Between Figuration and Abstraction: Rediscovering Stephen Greene

Author: Alan London

PHD Student, HAA

I spent time this past summer researching some mostly forgotten twentieth century American painters who negotiated, in assorted individual ways, the treacherous mid-century intersections of figuration and abstraction. One of the most interesting of them is Stephen Greene (1917-1999) who, after an extended crisis of artistic confidence, was inspired by a 1958 series of six lectures by Clement Greenberg to change, abruptly, his painting style from Renaissance-inspired realism to a kind of refashioned color-field approach.  

What luck for me to discover that the best before-and-after illustration of Greene’s turnabout is right here at the Carnegie Museum of Art, which owns an excellent example of each of Greene’s two major periods, Mourning (Five Figures with Candles) (oil on canvas, 1947) and Violet Light (oil on canvas, 1969). And what a boon to have the cooperation of Elizabeth Tufts Brown, CMOA Associate Registrar, and Hannah Turpin, Curatorial Assistant for Photography and Modern and Contemporary Art, in arranging for me to see these two paintings.

Stephen Greene’s work is virtually unknown today, and most museums that own his paintings, including the CMOA, do not have them on display. But it was not always so. In the March 20, 1950, issue of Life, Greene was featured as one of the magazine’s nineteen best artists in the United States under the age of 36. And seven months later, in its October 23, 1950, issue, Life gave Greene his own two-page spread, citing him as a highly successful painter whose work was bought up quickly by important museums and collectors. The CMOA picture, Mourning, while not reproduced in the article, is clearly in the same formal and emotional mode as his works about Holocaust themes that Life did reproduce, with the same dry, chalky tonality and the same bald, manikin-like figures, sharing space and sorrow but not communicating. Indeed, several of the figures in Mourning are variations on the candle-holding mourner in The Burial.
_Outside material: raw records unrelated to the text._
theorem mainTheorem17:
  fixes T0 :: "('a \<Rightarrow> ereal) set" and S :: "('a \<Rightarrow> ereal) \<Rightarrow> real"
  assumes "ext_vector_lattice T0"
    and "S_integral T0 S"
  shows "(\<forall>x\<in>nonneg_part T0. bdd_above {S \<phi> | \<phi>. \<phi> \<in> T0 \<and> fzero \<le> \<phi> \<and> \<phi> \<le> x})
    \<and> (\<forall>x1\<in>nonneg_part T0. \<forall>x2\<in>nonneg_part T0.
          Ppart T0 S (fadd x1 x2) = Ppart T0 S x1 + Ppart T0 S x2)
    \<and> (\<forall>x\<in>T0. \<forall>\<phi>\<in>nonneg_part T0. \<forall>\<psi>\<in>nonneg_part T0.
          x = fsub \<phi> \<psi> \<longrightarrow> Splus T0 S x = Ppart T0 S \<phi> - Ppart T0 S \<psi>)
    \<and> I_integral T0 (Splus T0 S)
    \<and> I_integral T0 (Sminus T0 S)
    \<and> I_integral T0 (Sabs T0 S)
    \<and> (\<forall>x\<in>T0. S x = Splus T0 S x - Sminus T0 S x)"
proof -
  interpret S_integral_on_lattice T0 S
    using assms by unfold_locales
  show ?thesis
    by (intro conjI ballI impI bdd_above_S_interval P_fadd Splus_fsub
        Splus_I_integral Sminus_I_integral Sabs_I_integral) (simp_all add: Sminus_def)
qed

end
It’s rare to find examples of Greene’s figural work on the market, but there are plenty of opportunities to see his abstract paintings. In 2016, the Jason McCoy Gallery in New York had an exhibition of Greene’s large abstract paintings from the 1960s, curated by the artist’s daughter, Alison de Lima Greene, the Chief Curator of Modern and Contemporary Art at the Houston Museum of Fine Arts. Although the color worlds of the paintings in the 2016 exhibition are different from that of the CMOA’s example of Greene’s abstract work, Violet Light, the general formal impression the viewer gets is similar. As Ms. de Lima Greene explained in an exhibition presentation accessible at the above website: “As gesture and hue gained in importance, [Greene] brought a new quality of light to his paintings, working through subtle layers of oil washes, and bringing a quiet drama to his nuanced orchestrations of primary and secondary colors. At the same time, he allowed certain shapes to resonate, and fragments of ladders, props, and the human anatomy persist like latent memories.”  In my encounter with the later Greene picture in the CMOA collection, I see a boomerang (or a wishbone), a disposable razor, and maybe a kidney, all disbursed among the soft mauves and greys and brighter orange flashes of Violet Light.
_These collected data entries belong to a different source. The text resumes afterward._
lemma qloss_ge_dist_below_median:
  assumes "x 1 \<le> a" "a \<le> median n x"
  shows "min (real (med_idx n) / 2) (\<bar>a - median n x\<bar> * real (med_idx n) / (2 * m)) \<le> qloss n x a"
proof -
  obtain i where i: "1 \<le> i" "i \<le> med_idx n" "x i \<le> a" and q: "qloss n x a = med_idx n - i"
    using qloss_below_medianE[OF assms] .
  show ?thesis
  proof (cases "i = med_idx n")
    case True
    then show ?thesis using i(3) assms(2) by (simp add: median_def)
  next
    case False
    define g where "g = x (i + 1) - x i"
    have i': "i \<le> med_idx n - 1" "i + 1 \<le> n" using i(2) False med_idx_bounds by arith+
    have "median n x - a \<le> real (med_idx n - i) * g"
      using span_below_median_le[of i "med_idx n - i"] i False unfolding g_def median_def by simp
    moreover have "real i * g \<le> m"
      using span_below_median_ge[of i i] spread_le_width[of 1 "i + 1"] i i' unfolding g_def by simp
    ultimately show ?thesis
      using min_le_diff_of_span_bounds[of m "median n x - a" "real i" "real (med_idx n)" g]
        width_pos assms i q by (simp add: of_nat_diff)
  qed
qed

lemma qloss_ge_dist_above_median:
  assumes "median n x < a" "a \<le> x n"
  shows "min (real (med_idx n) / 2) (\<bar>a - median n x\<bar> * real (med_idx n) / (2 * m)) \<le> qloss n x a"
proof -
  obtain i where i: "med_idx n < i" "i \<le> n" "a \<le> x i" and q: "qloss n x a = i - med_idx n"
    using qloss_above_medianE[OF assms] .
  define g where "g = x i - x (i - 1)"
  \<comment> \<open>The mirror index \<open>j = n + 1 - i\<close> plays the role of \<open>i\<close> below the median.\<close>
  define j where "j = n + 1 - i"
  have j: "real j = 2 * real (med_idx n) - real i" "j \<le> med_idx n"
    using two_med_idx i unfolding j_def by linarith+
  have i': "1 \<le> i - 1" "i - 1 \<le> n" using i(1,2) med_idx_bounds by arith+
  have "a - median n x \<le> (real (med_idx n) - real j) * g"
    using span_above_median_le[of i "i - med_idx n"] i j(1) unfolding g_def median_def
    by (simp add: of_nat_diff)
  moreover have "real j * g \<le> m"
    using span_above_median_ge[of i j] spread_le_width[of "i - 1" n] i i' med_idx_bounds
    unfolding g_def j_def by simp
  ultimately show ?thesis
    using min_le_diff_of_span_bounds[of m "a - median n x" "real j" "real (med_idx n)" g]
      width_pos assms j q i by (simp add: of_nat_diff)
qed

lemma qloss_ge_dist:
  "min (real (med_idx n) / 2) (\<bar>a - median n x\<bar> * real (med_idx n) / (2 * m)) \<le> qloss n x a"
proof -
  consider "a < x 1 \<or> x n < a" | "x 1 \<le> a" "a \<le> median n x" | "median n x < a" "a \<le> x n"
    by fastforce
  then show ?thesis
  proof cases
    case 1
    then show ?thesis by (simp add: qloss_outside)
  next
    case 2
    then show ?thesis by (rule qloss_ge_dist_below_median)
  next
    case 3
    then show ?thesis by (rule qloss_ge_dist_above_median)
  qed
qed

lemma ploss_ge_dist:
  assumes "l \<in> Vdom m" "0 \<le> \<alpha>"
  shows "min (real (med_idx n) / 2) ((\<bar>l - median n x\<bar> - \<alpha> * m) * real (med_idx n) / (2 * m))
    \<le> ploss m \<alpha> n x l"
proof -
  obtain a where a: "\<bar>a - l\<bar> \<le> \<alpha> * m" "ploss m \<alpha> n x l = qloss n x a"
    using ploss_attained assms by metis
  have "\<bar>l - median n x\<bar> - \<alpha> * m \<le> \<bar>a - median n x\<bar>" using a(1) by linarith
  then have "(\<bar>l - median n x\<bar> - \<alpha> * m) * real (med_idx n) / (2 * m)
      \<le> \<bar>a - median n x\<bar> * real (med_idx n) / (2 * m)"
    using width_pos by (intro divide_right_mono mult_right_mono) auto
  then show ?thesis using qloss_ge_dist[of a] a(2) by linarith
qed

lemma dp_weight_le_of_ploss_gt:
  assumes l: "l \<in> Vdom m" and "0 \<le> \<alpha>" "0 \<le> \<epsilon>" and t: "t < ploss m \<alpha> n x l"
  defines "M \<equiv> real (med_idx n)"
  shows "dp_weight m \<alpha> \<epsilon> n x l
    \<le> exp (- \<epsilon> * t / 4)
      * (exp (- \<epsilon> * M / 8) + exp (- (\<epsilon> * M / (8 * m)) * (\<bar>l - median n x\<bar> - \<alpha> * m)))"
proof -
  define p where "p = ploss m \<alpha> n x l"
  define d where "d = \<bar>l - median n x\<bar> - \<alpha> * m"
  have lower: "min (M / 2) (d * M / (2 * m)) \<le> p"
    using ploss_ge_dist[OF l \<open>0 \<le> \<alpha>\<close>] unfolding M_def d_def p_def .
  have "dp_weight m \<alpha> \<epsilon> n x l = exp (- \<epsilon> * p / 4) * exp (- \<epsilon> * p / 4)"
    unfolding dp_weight_def p_def by (simp flip: exp_add)
  also have "\<dots> \<le> exp (- \<epsilon> * t / 4) * exp (- \<epsilon> * min (M / 2) (d * M / (2 * m)) / 4)"
    using t lower \<open>0 \<le> \<epsilon>\<close> unfolding p_def by (intro mult_mono) (auto intro: mult_left_mono)
  also have "exp (- \<epsilon> * min (M / 2) (d * M / (2 * m)) / 4)
      \<le> exp (- \<epsilon> * M / 8) + exp (- (\<epsilon> * M / (8 * m)) * d)"
  proof (cases "M / 2 \<le> d * M / (2 * m)")
    case True
    then have "exp (- \<epsilon> * min (M / 2) (d * M / (2 * m)) / 4) = exp (- \<epsilon> * M / 8)"
      by (simp add: min_def field_simps)
    then show ?thesis using exp_gt_zero[of "- (\<epsilon> * M / (8 * m)) * d"] by linarith
  next
    case False
    then have "exp (- \<epsilon> * min (M / 2) (d * M / (2 * m)) / 4) = exp (- (\<epsilon> * M / (8 * m)) * d)"
      by (simp add: min_def field_simps)
    then show ?thesis using exp_gt_zero[of "- \<epsilon> * M / 8"] by linarith
  qed
  finally show ?thesis unfolding d_def by simp
qed

lemma dp_weight_normaliser_ge:
  assumes "0 < \<alpha>" "\<alpha> \<le> 1" "0 \<le> \<epsilon>"
  shows "\<alpha> * m \<le> (LINT l:Vdom m|lborel. dp_weight m \<alpha> \<epsilon> n x l)"
proof -
  define c where "c = median n x"
  define I where "I = {max (-m/2) (c - \<alpha> * m) .. min (m/2) (c + \<alpha> * m)}"
  have c: "-m/2 \<le> c" "c \<le> m/2" using median_in_Vdom unfolding c_def Vdom_def by auto
  have "0 < \<alpha> * m" using assms width_pos by simp
  have I: "I \<subseteq> Vdom m" unfolding I_def Vdom_def by (auto simp: min_def max_def)
  have ind: "(\<lambda>l. indicator (Vdom m) l *\<^sub>R indicator I l) = (indicator I :: real \<Rightarrow> real)"
    using I by (auto simp: indicator_def fun_eq_iff)
  have indicator_integrable: "set_integrable lborel (Vdom m) (indicator I :: real \<Rightarrow> real)"
    unfolding set_integrable_def ind
    by (intro integrable_real_indicator emeasure_bounded_finite) (auto simp: I_def)
  have "\<alpha> * m \<le> measure lborel I"
    unfolding I_def using c \<open>0 < \<alpha> * m\<close> \<open>\<alpha> \<le> 1\<close> width_pos by (auto simp: min_def max_def)
  also have "\<dots> = (LINT l:Vdom m|lborel. indicator I l)"
    unfolding set_lebesgue_integral_def ind by simp
  also have "\<dots> \<le> (LINT l:Vdom m|lborel. dp_weight m \<alpha> \<epsilon> n x l)"
  proof (rule set_integral_mono)
    fix l assume "l \<in> Vdom m"
    then show "indicator I l \<le> dp_weight m \<alpha> \<epsilon> n x l"
      using ploss_eq_0_near_median[of l \<alpha>] unfolding I_def c_def dp_weight_def
      by (auto simp: indicator_def abs_le_iff)
  qed (use indicator_integrable set_integrable_dp_weight assms in auto)
  finally show ?thesis .
qed

lemma dp_weight_tail_le:
  assumes "0 \<le> \<alpha>" "0 < \<epsilon>" "0 \<le> t"
  defines "M \<equiv> real (med_idx n)"
  shows "(LINT l:(Vdom m - {l. ploss m \<alpha> n x l \<le> t})|lborel. dp_weight m \<alpha> \<epsilon> n x l)
    \<le> exp (- \<epsilon> * t / 4) * (exp (- \<epsilon> * M / 8) * m + 16 * m / (\<epsilon> * M))"
proof -
  let ?T = "Vdom m - {l. ploss m \<alpha> n x l \<le> t}"
  define c where "c = \<epsilon> * M / (8 * m)"
  have "0 < M" using med_idx_bounds unfolding M_def by simp
  then have "0 < c" unfolding c_def using assms width_pos by simp
  have "0 \<le> \<alpha> * m" using \<open>0 \<le> \<alpha>\<close> width_pos by simp
  then obtain E where E: "integrable lborel E" "integral\<^sup>L lborel E \<le> 2 / c" "\<And>l. 0 \<le> E l"
    "\<And>l. -m/2 \<le> l \<Longrightarrow> l \<le> m/2 \<Longrightarrow> \<alpha> * m < \<bar>l - median n x\<bar>
      \<Longrightarrow> exp (- c * (\<bar>l - median n x\<bar> - \<alpha> * m)) \<le> E l"
    using exp_dist_envelope[OF \<open>0 < c\<close>] by metis
  define H where "H l = exp (- \<epsilon> * t / 4) * (exp (- \<epsilon> * M / 8) * indicator (Vdom m) l + E l)"
    for l :: real
  have V: "integrable lborel (indicator (Vdom m) :: real \<Rightarrow> real)"
    using emeasure_Vdom_finite by (intro integrable_real_indicator) auto
  have "integrable lborel (\<lambda>l. exp (- \<epsilon> * M / 8) * indicator (Vdom m) l + E l)"
    using V E(1) by simp
  then have H_integrable: "integrable lborel H"
    unfolding H_def by (rule integrable_mult_right)
  have "measure lborel (Vdom m) = m" unfolding Vdom_def using width_pos by simp
  then have "integral\<^sup>L lborel H
      = exp (- \<epsilon> * t / 4) * (exp (- \<epsilon> * M / 8) * m + integral\<^sup>L lborel E)"
    unfolding H_def using E(1) V by simp
  also have "\<dots> \<le> exp (- \<epsilon> * t / 4) * (exp (- \<epsilon> * M / 8) * m + 16 * m / (\<epsilon> * M))"
    using E(2) unfolding c_def by (intro mult_left_mono) auto
  finally have H: "integral\<^sup>L lborel H
      \<le> exp (- \<epsilon> * t / 4) * (exp (- \<epsilon> * M / 8) * m + 16 * m / (\<epsilon> * M))" .
  have "?T = Vdom m - {l. ploss m \<alpha> n x l \<le> t} \<inter> Vdom m" by blast
  also have "\<dots> \<in> sets lborel"
    using ploss_sublevel_Int_Vdom_sets[OF \<open>0 \<le> \<alpha>\<close>] Vdom_sets by simp
  finally have T_integrable: "set_integrable lborel ?T (dp_weight m \<alpha> \<epsilon> n x)"
    by (rule set_integrable_subset[OF set_integrable_dp_weight[OF \<open>0 \<le> \<alpha>\<close> less_imp_le[OF \<open>0 < \<epsilon>\<close>]]])
      blast
  have "indicator ?T l *\<^sub>R dp_weight m \<alpha> \<epsilon> n x l \<le> H l" for l
  proof (cases "l \<in> ?T")
    case True
    then have l: "l \<in> Vdom m" "t < ploss m \<alpha> n x l" by auto
    have far: "\<alpha> * m < \<bar>l - median n x\<bar>"
    proof (rule ccontr)
      assume "\<not> \<alpha> * m < \<bar>l - median n x\<bar>"
      then have "ploss m \<alpha> n x l = 0" using ploss_eq_0_near_median l(1) by simp
      then show False using l(2) \<open>0 \<le> t\<close> by simp
    qed
    have "dp_weight m \<alpha> \<epsilon> n x l
        \<le> exp (- \<epsilon> * t / 4) * (exp (- \<epsilon> * M / 8) + exp (- c * (\<bar>l - median n x\<bar> - \<alpha> * m)))"
      using dp_weight_le_of_ploss_gt[OF l(1) \<open>0 \<le> \<alpha>\<close> _ l(2)] \<open>0 < \<epsilon>\<close>
      unfolding c_def M_def by simp
    also have "\<dots> \<le> exp (- \<epsilon> * t / 4) * (exp (- \<epsilon> * M / 8) + E l)"
      using E(4) far l(1) unfolding Vdom_def by simp
    finally show ?thesis using True l(1) unfolding H_def by simp
  next
    case False
    then show ?thesis unfolding H_def using E(3) by simp
  qed
  then have "(LINT l:?T|lborel. dp_weight m \<alpha> \<epsilon> n x l) \<le> integral\<^sup>L lborel H"
    using T_integrable H_integrable unfolding set_integrable_def set_lebesgue_integral_def
    by (intro integral_mono)
  with H show ?thesis by linarith
qed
If I consider Stephen Greene as a case study in my dissertation, one theme through which his work could be explored could be that proposed by Michael Fried (who in the 1950s was Greene’s student at Princeton, as was Frank Stella) in a May, 1963, Arts Magazine article titled The Goals of Stephen Greene. “The crucial problem raised by Stephen Greene’s work is this: can a painter today make paintings which are meant to express a particular mood or attitude toward reality and which yet manage to satisfy the imperious and rather restricting demands of a sensibility trained on the abstract painting of the past twenty-five years?”

This remains an important question for the history of midcentury American art. The museum records that Elizabeth and Hannah were kind enough to share with me suggest that Mourning was a museum purchase in 1982 using the A. W. Mellon Acquisition Endowment Fund and that Violet Light was donated to the museum in 1983 by the art dealer from whom Mourning had been purchased.  There appears to be no record of either painting ever being exhibited in the Museum’s galleries, a fascinating reflection of Greene’s own position within the shifting sensibilities of American painting during and since the 1950s.